> [ASSIGNMENT] What is the number of lines in the data below that hold the word "assms"? Give nothing beyond that number.

Collected data
·····
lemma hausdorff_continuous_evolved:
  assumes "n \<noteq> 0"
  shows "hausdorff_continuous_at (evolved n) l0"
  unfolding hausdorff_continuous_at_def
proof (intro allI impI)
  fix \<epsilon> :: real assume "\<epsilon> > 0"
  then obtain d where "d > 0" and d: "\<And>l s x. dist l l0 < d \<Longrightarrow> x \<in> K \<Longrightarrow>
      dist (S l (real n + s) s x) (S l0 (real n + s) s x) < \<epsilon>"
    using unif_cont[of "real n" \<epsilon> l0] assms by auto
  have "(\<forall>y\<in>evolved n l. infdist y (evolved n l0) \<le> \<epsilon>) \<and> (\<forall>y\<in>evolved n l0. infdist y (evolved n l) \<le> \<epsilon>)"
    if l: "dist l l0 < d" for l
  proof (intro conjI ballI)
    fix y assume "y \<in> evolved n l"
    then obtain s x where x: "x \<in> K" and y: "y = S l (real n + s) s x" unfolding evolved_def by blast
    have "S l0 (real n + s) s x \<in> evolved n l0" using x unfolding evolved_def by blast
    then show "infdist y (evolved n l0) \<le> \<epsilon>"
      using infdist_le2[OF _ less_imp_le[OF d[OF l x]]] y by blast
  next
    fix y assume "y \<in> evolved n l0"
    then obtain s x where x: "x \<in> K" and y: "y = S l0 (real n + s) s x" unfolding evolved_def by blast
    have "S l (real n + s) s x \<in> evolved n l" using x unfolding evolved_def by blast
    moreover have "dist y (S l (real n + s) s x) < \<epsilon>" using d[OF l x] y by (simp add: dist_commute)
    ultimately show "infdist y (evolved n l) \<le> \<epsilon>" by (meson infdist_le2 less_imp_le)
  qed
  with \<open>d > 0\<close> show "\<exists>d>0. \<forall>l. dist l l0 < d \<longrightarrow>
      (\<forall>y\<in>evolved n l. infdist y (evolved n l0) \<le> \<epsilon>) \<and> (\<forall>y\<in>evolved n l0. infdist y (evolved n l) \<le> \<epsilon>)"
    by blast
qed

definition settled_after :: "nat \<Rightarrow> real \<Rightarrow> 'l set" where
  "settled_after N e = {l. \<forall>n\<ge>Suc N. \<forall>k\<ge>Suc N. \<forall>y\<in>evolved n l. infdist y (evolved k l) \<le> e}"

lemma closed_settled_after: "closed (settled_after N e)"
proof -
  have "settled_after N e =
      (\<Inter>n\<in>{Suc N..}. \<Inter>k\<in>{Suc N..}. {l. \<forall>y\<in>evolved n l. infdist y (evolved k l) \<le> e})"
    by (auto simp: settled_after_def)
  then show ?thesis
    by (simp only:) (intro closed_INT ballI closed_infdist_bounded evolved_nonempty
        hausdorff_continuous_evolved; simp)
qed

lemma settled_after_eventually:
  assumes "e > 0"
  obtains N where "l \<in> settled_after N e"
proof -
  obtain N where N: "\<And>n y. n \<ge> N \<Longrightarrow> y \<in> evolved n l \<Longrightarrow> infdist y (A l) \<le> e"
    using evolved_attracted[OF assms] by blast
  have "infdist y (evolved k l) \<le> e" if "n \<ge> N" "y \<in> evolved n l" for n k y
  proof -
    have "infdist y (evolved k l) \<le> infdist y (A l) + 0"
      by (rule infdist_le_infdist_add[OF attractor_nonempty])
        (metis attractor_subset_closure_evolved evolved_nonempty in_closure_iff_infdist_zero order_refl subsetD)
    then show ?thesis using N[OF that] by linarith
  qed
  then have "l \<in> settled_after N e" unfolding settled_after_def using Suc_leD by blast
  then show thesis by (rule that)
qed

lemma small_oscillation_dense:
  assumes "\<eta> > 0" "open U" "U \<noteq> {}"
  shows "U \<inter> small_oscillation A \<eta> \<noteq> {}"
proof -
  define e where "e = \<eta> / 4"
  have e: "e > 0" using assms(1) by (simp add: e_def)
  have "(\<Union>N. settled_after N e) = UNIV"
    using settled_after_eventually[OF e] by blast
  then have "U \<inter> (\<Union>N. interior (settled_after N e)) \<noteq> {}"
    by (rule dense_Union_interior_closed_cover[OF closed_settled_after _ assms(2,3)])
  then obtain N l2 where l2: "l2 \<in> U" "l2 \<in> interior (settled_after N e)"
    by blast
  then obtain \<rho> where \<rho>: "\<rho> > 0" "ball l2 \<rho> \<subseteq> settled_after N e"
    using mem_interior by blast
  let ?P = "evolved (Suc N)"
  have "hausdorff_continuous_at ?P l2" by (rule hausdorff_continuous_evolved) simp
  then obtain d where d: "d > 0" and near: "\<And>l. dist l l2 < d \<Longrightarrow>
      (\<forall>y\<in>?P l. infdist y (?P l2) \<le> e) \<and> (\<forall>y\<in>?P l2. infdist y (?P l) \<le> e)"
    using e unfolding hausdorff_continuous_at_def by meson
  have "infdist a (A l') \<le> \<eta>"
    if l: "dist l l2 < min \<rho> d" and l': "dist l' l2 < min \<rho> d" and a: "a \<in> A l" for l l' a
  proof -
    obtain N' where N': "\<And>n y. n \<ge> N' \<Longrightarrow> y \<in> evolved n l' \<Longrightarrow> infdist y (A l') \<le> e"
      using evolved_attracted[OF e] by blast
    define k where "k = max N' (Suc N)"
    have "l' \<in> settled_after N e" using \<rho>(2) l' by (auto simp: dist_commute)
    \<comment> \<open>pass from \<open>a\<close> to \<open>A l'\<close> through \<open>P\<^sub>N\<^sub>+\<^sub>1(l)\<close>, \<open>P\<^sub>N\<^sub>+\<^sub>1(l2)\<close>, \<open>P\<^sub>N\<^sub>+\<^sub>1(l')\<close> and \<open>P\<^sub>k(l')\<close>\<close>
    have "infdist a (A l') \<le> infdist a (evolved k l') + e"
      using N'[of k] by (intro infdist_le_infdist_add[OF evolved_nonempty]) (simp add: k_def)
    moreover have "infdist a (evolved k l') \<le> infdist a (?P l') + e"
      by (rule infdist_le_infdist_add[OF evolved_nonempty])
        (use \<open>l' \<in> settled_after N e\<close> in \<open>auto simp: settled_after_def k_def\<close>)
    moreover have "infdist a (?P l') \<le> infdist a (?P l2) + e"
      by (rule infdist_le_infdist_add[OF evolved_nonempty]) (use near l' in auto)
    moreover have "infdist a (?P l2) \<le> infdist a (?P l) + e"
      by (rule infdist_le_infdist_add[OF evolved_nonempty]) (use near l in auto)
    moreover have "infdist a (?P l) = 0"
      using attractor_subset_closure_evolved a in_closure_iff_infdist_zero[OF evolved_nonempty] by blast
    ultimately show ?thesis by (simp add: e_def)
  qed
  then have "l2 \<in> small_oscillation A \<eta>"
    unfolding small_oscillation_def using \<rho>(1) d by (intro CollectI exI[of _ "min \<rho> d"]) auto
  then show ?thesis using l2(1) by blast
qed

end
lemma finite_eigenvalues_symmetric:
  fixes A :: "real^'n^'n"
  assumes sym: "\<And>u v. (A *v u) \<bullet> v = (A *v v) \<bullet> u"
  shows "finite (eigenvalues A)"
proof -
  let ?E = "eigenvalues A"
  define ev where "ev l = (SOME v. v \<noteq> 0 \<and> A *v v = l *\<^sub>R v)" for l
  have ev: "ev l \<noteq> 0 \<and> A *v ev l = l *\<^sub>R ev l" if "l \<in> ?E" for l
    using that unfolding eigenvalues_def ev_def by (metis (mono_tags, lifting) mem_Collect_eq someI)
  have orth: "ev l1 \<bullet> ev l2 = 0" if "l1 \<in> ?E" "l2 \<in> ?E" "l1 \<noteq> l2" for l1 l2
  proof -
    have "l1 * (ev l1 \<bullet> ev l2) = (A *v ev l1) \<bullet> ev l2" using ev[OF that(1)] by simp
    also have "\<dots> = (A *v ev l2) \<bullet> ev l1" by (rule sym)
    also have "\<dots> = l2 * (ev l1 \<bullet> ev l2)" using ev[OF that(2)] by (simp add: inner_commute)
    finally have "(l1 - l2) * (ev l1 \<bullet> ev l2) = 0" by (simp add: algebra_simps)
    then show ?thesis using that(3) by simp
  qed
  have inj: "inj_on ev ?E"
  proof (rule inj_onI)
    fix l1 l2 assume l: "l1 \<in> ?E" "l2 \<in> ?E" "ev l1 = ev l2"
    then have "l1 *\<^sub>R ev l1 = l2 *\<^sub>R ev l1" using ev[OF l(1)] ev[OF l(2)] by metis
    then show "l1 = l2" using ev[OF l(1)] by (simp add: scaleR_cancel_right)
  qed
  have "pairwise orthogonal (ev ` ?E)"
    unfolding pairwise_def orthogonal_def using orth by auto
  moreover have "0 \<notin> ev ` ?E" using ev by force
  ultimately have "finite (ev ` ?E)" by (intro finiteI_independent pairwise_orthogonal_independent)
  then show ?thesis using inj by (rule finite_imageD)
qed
·····
> [TASK ANSWER] 4